_Required work_: From the records that follow, copy every line that contains the word "flip".

_Data for processing_:
==*==

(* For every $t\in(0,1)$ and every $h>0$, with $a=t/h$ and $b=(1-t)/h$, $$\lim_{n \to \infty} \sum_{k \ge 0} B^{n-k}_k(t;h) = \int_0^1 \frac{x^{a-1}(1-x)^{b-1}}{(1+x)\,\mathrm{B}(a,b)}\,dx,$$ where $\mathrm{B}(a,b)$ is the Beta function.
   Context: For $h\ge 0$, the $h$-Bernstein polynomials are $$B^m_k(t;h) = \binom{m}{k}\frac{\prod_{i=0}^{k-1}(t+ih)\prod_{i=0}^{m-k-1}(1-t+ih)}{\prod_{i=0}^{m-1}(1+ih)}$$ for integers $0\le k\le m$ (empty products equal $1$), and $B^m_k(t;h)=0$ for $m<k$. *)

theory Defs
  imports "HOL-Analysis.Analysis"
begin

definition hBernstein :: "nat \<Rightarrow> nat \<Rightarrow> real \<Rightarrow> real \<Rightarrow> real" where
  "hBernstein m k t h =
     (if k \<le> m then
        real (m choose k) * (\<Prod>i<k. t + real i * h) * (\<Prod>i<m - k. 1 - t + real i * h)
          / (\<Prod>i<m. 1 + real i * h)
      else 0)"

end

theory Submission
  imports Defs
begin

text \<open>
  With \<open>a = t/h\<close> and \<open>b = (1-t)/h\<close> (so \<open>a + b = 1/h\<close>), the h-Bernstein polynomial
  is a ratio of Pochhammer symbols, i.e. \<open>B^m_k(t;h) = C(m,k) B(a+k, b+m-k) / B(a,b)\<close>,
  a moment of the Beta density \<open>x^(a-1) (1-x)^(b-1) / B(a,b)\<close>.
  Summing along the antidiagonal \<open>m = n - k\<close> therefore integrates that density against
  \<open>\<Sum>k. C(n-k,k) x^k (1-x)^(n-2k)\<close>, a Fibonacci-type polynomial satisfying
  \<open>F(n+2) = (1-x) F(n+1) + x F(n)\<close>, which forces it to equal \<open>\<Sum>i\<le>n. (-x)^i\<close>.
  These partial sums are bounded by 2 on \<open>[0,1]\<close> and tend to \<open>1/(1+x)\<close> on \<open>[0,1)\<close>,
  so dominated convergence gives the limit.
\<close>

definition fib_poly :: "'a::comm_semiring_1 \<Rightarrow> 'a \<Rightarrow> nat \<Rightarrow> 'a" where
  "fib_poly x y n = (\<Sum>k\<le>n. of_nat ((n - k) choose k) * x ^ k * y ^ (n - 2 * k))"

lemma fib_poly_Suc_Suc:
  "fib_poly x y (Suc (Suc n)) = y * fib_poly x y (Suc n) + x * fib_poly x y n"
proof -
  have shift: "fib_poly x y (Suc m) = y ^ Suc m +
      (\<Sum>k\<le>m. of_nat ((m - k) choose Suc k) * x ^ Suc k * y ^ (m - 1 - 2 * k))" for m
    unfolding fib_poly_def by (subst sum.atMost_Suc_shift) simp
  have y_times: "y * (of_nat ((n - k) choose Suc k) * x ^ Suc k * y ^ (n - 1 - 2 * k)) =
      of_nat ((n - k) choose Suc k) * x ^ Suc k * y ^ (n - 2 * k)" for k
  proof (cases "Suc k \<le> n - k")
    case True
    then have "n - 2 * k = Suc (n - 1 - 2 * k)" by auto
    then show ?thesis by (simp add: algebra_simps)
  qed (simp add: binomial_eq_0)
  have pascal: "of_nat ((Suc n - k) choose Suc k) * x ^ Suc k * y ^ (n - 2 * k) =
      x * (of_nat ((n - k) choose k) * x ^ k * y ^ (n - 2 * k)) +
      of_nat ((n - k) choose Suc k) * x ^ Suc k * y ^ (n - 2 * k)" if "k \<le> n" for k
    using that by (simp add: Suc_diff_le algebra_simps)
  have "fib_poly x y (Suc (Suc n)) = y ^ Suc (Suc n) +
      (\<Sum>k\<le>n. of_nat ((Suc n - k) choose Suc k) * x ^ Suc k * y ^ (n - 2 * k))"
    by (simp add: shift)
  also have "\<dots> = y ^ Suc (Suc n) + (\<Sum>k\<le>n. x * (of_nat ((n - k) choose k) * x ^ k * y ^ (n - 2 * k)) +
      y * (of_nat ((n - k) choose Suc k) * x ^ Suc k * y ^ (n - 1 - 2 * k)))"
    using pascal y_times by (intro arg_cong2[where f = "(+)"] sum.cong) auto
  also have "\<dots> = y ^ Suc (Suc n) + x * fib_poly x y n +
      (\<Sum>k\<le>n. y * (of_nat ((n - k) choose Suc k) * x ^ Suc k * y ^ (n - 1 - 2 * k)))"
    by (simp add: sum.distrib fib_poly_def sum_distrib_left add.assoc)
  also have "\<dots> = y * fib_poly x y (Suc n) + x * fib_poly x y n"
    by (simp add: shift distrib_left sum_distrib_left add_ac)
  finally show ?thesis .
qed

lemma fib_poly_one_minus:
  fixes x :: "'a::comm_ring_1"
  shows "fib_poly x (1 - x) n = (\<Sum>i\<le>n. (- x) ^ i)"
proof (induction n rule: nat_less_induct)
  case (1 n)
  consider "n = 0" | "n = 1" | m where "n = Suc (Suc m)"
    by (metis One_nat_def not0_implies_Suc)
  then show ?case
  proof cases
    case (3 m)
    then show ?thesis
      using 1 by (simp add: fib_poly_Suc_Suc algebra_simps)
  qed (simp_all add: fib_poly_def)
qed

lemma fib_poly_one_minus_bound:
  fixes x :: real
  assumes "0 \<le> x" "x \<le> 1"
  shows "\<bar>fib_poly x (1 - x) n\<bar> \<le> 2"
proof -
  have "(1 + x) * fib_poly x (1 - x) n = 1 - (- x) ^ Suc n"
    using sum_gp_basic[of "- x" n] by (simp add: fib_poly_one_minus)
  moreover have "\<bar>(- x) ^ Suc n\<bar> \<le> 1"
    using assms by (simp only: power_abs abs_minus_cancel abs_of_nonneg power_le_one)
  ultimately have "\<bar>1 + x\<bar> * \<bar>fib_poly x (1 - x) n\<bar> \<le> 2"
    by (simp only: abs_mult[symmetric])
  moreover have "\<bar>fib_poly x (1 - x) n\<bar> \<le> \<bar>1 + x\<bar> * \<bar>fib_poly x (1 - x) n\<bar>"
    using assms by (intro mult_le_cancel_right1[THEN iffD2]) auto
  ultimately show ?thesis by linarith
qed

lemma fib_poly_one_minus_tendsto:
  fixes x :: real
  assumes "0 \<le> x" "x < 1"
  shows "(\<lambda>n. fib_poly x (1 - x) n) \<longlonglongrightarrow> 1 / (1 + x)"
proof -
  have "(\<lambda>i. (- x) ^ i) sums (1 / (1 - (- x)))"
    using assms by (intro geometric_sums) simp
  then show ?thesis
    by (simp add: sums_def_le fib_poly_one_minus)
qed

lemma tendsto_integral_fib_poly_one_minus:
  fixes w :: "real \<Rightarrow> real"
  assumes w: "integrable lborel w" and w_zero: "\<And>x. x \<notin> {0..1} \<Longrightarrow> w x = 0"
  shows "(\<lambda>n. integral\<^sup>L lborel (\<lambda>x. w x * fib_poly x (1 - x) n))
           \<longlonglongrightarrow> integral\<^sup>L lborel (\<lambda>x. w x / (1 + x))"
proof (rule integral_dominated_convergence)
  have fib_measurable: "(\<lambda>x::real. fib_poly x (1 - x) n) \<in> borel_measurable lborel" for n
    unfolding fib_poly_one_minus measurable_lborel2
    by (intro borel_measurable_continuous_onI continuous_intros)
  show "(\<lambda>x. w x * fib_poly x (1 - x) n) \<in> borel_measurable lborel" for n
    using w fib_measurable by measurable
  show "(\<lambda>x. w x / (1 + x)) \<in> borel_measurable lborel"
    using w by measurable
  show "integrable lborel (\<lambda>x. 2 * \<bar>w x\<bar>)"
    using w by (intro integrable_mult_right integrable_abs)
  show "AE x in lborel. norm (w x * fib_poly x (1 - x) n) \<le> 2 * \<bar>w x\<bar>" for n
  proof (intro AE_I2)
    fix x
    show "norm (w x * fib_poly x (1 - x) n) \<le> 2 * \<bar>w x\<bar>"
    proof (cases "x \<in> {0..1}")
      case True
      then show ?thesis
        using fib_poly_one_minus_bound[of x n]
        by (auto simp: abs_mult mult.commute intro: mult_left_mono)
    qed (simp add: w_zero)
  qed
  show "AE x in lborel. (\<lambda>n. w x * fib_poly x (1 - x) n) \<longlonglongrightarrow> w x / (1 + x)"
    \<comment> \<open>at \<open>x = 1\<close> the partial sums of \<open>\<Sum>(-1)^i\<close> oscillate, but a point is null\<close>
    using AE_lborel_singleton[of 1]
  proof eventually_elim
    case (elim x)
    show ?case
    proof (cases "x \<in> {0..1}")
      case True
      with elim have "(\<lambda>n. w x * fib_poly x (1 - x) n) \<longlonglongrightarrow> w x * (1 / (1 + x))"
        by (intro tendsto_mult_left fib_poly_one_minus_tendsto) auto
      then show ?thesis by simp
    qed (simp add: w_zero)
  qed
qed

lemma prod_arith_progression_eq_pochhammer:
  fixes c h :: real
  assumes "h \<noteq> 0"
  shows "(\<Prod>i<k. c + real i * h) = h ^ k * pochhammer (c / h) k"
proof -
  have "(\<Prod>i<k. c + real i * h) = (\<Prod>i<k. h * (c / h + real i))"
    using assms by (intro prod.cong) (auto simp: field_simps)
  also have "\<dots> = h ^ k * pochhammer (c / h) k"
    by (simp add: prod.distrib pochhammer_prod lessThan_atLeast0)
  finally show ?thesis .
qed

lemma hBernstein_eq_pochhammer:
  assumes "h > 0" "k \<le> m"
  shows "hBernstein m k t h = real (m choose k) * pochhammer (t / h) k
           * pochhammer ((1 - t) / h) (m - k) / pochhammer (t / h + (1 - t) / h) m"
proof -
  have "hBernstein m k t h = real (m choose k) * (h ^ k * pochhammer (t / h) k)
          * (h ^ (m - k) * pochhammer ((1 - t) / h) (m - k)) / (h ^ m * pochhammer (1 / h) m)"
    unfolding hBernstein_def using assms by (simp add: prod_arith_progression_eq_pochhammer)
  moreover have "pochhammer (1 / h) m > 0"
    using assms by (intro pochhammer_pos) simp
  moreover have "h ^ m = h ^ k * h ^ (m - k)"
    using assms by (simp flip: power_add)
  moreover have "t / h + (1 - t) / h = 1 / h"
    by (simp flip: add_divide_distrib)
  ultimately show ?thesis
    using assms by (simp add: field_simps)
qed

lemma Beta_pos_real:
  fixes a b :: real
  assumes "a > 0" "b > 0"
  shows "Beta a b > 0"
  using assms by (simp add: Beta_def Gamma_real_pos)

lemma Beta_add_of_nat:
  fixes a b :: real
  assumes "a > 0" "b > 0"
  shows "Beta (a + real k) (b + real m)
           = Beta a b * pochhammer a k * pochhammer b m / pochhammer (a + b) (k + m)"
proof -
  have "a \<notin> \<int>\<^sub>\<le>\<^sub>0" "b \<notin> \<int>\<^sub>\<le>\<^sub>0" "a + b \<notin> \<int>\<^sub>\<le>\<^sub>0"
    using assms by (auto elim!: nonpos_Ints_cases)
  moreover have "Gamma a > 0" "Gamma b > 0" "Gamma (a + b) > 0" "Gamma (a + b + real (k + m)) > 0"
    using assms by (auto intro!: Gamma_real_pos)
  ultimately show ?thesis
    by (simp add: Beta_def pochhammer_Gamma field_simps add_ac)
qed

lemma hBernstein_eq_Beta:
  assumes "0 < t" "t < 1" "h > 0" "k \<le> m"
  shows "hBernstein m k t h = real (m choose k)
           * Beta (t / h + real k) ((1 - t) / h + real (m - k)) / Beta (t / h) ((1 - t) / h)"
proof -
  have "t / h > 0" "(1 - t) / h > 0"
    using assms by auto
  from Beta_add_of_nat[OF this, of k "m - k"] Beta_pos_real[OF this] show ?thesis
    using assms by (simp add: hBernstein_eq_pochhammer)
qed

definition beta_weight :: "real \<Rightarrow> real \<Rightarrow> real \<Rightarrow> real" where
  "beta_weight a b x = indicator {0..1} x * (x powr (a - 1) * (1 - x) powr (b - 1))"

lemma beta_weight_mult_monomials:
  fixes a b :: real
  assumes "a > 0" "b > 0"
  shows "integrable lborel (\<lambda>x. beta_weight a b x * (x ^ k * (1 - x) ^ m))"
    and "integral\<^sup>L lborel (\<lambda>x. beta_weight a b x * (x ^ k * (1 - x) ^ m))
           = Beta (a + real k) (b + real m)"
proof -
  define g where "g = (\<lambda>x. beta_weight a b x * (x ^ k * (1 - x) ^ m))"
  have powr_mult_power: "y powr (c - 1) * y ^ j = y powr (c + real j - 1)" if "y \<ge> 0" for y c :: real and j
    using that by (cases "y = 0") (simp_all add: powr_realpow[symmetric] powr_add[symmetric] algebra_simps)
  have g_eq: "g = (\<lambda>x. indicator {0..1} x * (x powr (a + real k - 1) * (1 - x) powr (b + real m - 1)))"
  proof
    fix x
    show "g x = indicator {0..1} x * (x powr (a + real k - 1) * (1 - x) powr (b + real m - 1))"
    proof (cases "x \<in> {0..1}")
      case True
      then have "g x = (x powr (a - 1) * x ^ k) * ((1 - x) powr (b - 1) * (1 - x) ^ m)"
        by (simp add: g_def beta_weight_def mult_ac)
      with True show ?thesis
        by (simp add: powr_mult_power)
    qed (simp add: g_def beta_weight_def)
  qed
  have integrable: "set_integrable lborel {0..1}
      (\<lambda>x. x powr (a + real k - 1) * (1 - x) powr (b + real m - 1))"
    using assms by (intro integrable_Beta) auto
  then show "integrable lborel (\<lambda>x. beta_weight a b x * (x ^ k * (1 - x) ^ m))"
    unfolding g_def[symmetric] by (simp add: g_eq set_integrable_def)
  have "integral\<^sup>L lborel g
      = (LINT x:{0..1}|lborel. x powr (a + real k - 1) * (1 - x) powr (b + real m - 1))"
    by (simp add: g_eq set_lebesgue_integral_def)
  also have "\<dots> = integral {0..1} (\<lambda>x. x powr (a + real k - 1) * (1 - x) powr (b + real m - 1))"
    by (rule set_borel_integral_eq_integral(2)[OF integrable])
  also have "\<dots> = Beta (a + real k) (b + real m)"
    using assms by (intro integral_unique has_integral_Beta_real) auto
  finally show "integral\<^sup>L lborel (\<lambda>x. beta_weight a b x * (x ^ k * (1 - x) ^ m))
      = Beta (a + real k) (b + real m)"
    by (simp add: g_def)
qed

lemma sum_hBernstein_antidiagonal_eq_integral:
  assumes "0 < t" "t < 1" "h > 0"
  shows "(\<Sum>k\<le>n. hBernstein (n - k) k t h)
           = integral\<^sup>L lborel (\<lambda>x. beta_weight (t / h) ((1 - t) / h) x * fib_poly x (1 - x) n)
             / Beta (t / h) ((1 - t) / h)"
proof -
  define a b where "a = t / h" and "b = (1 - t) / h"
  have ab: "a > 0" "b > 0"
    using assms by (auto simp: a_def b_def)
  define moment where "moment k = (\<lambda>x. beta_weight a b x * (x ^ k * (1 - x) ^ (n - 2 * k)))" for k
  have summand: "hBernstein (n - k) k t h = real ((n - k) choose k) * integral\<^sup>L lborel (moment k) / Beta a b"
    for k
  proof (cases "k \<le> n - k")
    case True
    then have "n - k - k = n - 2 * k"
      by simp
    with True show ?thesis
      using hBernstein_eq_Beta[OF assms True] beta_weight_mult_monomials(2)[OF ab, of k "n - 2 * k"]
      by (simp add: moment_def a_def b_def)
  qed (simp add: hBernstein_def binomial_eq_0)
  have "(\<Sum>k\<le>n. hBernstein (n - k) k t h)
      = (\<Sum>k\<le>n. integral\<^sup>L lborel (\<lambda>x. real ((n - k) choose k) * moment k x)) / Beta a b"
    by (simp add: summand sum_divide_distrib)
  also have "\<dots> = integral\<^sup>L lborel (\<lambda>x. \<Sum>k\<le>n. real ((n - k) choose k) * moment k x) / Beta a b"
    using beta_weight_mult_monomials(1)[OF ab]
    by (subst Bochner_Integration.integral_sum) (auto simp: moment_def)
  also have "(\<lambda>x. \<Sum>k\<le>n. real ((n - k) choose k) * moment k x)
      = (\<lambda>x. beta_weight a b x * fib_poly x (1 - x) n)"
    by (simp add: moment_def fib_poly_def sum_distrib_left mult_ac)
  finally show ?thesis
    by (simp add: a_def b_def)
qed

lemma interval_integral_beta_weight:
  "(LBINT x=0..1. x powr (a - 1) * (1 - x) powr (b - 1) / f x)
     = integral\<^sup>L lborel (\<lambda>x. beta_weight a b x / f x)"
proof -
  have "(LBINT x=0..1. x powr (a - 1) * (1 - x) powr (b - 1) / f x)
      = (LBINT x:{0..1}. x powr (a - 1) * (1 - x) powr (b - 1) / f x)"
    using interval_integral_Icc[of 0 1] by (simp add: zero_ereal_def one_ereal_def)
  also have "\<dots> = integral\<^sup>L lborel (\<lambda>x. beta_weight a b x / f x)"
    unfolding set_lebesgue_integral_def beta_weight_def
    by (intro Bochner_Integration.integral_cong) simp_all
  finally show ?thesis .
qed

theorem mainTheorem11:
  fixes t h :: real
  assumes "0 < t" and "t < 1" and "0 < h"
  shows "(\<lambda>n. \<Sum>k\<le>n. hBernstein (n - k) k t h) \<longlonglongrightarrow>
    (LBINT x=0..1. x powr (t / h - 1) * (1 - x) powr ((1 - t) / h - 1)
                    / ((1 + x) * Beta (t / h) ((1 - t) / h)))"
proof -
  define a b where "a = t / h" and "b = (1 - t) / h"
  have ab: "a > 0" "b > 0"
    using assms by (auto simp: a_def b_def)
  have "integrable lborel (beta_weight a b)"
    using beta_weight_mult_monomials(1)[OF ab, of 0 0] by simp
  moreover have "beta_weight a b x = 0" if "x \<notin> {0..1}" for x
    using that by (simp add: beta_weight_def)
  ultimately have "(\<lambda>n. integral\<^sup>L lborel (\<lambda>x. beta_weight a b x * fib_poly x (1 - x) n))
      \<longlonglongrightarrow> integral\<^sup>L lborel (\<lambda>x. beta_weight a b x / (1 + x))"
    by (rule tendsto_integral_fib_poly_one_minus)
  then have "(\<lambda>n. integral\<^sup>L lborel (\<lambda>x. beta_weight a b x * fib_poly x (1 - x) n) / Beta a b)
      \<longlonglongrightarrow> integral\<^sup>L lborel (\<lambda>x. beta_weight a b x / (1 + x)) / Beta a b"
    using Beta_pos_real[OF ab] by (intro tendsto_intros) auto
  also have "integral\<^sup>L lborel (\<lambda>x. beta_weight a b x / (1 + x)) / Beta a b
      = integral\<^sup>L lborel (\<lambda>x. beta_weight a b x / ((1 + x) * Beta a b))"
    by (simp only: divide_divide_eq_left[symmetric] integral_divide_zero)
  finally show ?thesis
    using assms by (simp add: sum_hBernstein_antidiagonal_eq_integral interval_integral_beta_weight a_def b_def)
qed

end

==*==

_Reply_:
    using assms by (simp flip: power_add)
    by (simp flip: add_divide_distrib)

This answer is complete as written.